__Instructions for the task__:
From the entries, copy each line that includes "close".

Stored data:
════

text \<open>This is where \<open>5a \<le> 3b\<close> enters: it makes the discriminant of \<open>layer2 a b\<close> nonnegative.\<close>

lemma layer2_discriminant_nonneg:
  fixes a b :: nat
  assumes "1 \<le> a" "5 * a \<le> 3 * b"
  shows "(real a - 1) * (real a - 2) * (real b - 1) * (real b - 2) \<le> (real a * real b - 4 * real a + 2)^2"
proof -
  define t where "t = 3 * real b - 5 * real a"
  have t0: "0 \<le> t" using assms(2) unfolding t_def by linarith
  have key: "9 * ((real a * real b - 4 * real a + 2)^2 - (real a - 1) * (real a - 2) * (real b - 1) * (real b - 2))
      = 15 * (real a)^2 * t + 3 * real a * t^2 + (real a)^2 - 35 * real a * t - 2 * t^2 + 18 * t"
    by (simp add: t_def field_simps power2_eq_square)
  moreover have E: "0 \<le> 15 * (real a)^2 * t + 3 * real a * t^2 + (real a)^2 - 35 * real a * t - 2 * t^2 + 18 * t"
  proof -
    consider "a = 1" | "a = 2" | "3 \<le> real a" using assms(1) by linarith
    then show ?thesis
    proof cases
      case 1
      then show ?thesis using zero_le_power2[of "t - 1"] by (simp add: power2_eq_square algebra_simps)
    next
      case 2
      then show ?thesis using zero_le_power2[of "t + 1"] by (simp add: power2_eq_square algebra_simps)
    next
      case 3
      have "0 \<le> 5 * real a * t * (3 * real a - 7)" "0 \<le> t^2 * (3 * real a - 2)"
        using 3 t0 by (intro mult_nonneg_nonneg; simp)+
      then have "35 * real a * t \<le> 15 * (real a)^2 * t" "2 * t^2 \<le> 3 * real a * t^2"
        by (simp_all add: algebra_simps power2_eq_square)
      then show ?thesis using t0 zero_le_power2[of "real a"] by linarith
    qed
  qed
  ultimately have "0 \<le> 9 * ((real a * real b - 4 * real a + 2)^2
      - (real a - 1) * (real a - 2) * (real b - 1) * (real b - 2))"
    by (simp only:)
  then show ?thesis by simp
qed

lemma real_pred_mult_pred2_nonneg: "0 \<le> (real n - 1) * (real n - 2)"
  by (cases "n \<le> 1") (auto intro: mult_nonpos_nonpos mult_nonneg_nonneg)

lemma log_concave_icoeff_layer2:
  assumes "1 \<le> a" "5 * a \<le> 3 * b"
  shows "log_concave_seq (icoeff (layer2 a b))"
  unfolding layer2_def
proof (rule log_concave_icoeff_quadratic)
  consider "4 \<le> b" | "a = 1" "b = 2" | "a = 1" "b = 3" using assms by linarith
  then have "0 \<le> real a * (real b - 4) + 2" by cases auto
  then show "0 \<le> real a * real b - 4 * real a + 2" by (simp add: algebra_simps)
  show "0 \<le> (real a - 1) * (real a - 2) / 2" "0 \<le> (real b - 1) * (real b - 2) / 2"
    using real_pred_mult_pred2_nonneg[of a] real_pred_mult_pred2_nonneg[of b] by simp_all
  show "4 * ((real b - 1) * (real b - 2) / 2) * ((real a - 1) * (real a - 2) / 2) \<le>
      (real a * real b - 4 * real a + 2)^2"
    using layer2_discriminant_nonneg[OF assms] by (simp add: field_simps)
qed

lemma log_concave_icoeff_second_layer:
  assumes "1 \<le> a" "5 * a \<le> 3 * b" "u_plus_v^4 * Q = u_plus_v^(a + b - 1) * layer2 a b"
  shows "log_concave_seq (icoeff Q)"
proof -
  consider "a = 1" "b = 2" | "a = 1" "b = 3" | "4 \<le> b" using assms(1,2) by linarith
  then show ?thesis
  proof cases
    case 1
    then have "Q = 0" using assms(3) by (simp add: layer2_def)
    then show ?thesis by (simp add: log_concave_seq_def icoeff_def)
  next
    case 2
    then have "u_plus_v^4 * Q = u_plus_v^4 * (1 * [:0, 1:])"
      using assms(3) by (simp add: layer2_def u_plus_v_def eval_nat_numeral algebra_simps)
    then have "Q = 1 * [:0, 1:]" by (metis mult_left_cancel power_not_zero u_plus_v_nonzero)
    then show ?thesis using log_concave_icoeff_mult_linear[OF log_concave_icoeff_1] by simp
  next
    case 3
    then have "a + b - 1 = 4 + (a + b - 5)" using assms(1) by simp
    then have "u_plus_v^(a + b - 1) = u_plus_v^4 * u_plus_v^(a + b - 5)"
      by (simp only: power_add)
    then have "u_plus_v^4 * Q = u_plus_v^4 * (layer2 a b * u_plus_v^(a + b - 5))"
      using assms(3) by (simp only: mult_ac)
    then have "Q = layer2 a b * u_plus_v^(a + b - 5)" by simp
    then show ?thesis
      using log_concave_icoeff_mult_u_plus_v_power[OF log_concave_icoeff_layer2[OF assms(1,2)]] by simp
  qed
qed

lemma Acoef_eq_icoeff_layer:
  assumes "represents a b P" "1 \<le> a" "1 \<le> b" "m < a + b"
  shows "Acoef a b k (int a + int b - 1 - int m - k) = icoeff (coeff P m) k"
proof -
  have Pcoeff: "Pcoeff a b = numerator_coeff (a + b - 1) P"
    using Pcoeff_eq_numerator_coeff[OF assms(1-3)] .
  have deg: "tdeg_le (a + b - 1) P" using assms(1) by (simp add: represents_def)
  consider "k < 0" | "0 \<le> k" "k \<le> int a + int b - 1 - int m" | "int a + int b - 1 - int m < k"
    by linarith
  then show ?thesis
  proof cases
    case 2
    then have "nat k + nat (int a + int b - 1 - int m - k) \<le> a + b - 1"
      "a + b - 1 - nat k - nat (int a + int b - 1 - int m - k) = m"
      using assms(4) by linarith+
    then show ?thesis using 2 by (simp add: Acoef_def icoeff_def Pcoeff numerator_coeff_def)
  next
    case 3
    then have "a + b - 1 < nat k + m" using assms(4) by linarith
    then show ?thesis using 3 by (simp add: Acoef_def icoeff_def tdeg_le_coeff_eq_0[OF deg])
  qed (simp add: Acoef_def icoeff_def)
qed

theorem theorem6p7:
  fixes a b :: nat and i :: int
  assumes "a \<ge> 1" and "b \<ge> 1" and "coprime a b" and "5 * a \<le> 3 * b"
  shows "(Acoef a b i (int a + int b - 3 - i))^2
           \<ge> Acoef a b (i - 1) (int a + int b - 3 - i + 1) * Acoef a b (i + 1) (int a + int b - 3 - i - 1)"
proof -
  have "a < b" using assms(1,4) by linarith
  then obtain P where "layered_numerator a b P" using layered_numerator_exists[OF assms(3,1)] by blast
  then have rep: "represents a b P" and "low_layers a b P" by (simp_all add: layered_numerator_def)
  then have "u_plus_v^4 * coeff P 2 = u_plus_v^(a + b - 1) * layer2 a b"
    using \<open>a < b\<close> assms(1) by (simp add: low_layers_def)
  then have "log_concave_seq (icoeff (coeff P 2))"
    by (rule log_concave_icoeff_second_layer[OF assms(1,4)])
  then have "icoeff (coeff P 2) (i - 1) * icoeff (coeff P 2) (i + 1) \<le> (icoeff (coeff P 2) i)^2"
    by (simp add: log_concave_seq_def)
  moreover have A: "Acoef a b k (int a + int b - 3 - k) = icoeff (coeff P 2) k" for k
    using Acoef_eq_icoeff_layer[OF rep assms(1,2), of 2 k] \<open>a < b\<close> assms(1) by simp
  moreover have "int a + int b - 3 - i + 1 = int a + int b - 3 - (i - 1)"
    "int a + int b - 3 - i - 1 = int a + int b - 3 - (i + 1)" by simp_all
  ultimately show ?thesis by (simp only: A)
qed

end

════

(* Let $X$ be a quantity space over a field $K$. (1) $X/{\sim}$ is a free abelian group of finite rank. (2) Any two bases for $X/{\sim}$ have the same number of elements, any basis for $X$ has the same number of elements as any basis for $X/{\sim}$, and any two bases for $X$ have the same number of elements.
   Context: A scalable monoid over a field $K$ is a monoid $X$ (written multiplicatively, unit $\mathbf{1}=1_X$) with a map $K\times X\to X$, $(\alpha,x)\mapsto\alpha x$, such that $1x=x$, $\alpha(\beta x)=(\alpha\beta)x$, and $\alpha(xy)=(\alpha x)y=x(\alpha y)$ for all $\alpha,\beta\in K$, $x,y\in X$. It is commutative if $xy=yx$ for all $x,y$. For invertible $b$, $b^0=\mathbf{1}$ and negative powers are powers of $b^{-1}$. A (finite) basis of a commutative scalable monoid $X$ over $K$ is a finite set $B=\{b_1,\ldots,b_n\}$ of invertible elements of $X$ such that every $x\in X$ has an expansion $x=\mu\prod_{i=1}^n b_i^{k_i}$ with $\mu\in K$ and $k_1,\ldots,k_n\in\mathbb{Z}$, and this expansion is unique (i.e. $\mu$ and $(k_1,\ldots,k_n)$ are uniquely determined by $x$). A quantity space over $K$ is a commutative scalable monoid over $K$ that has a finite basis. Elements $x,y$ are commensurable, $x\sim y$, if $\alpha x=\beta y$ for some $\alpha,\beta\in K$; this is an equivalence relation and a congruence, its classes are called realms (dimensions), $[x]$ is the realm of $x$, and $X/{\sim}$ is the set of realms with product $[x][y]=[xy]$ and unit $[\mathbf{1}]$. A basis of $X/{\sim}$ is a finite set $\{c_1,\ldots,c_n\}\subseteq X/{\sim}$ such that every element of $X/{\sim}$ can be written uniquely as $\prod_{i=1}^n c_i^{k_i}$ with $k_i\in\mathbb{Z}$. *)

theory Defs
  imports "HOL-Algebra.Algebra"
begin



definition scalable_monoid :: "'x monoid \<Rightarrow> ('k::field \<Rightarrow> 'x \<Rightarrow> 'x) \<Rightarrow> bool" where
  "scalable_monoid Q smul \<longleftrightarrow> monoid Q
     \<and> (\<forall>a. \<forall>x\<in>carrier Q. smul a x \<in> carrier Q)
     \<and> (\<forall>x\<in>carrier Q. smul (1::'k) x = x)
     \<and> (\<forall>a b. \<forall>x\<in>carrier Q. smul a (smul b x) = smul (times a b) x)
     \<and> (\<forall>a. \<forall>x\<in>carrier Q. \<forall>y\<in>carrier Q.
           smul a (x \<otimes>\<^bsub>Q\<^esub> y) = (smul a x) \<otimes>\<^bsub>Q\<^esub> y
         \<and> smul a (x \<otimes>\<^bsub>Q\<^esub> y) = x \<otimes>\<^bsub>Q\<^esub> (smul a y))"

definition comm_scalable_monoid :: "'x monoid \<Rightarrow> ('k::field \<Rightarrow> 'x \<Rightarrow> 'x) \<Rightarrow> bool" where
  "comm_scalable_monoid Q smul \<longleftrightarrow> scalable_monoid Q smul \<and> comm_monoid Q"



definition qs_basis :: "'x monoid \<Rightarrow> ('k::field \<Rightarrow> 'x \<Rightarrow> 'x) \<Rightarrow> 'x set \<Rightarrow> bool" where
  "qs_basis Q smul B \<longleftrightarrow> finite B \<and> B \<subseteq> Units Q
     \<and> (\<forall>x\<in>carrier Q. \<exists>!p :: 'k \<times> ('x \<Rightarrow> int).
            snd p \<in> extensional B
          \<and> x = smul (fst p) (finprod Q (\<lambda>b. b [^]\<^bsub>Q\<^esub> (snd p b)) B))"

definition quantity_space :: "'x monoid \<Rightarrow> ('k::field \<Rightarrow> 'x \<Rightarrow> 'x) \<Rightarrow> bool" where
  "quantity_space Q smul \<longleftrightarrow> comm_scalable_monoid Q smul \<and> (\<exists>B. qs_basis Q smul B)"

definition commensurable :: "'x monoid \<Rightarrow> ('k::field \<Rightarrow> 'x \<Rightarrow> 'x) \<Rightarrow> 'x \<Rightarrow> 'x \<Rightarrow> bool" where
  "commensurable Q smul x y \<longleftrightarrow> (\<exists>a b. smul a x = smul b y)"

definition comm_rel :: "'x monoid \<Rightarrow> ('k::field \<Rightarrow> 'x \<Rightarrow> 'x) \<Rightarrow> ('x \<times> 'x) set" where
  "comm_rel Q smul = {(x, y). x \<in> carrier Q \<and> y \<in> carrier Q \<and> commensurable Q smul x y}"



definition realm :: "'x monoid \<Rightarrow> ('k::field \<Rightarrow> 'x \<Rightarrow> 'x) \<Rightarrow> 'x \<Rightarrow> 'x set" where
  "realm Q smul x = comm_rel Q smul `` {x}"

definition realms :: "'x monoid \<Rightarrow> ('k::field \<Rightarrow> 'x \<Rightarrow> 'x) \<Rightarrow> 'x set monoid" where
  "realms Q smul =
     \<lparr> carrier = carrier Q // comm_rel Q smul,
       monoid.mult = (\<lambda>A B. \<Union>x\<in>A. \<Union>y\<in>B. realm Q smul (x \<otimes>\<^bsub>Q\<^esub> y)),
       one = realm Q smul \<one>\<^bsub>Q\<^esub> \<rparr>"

════

__Reply__:
text \<open>This is where \<open>5a \<le> 3b\<close> enters: it makes the discriminant of \<open>layer2 a b\<close> nonnegative.\<close>
    using \<open>a < b\<close> assms(1) by (simp add: low_layers_def)
    using Acoef_eq_icoeff_layer[OF rep assms(1,2), of 2 k] \<open>a < b\<close> assms(1) by simp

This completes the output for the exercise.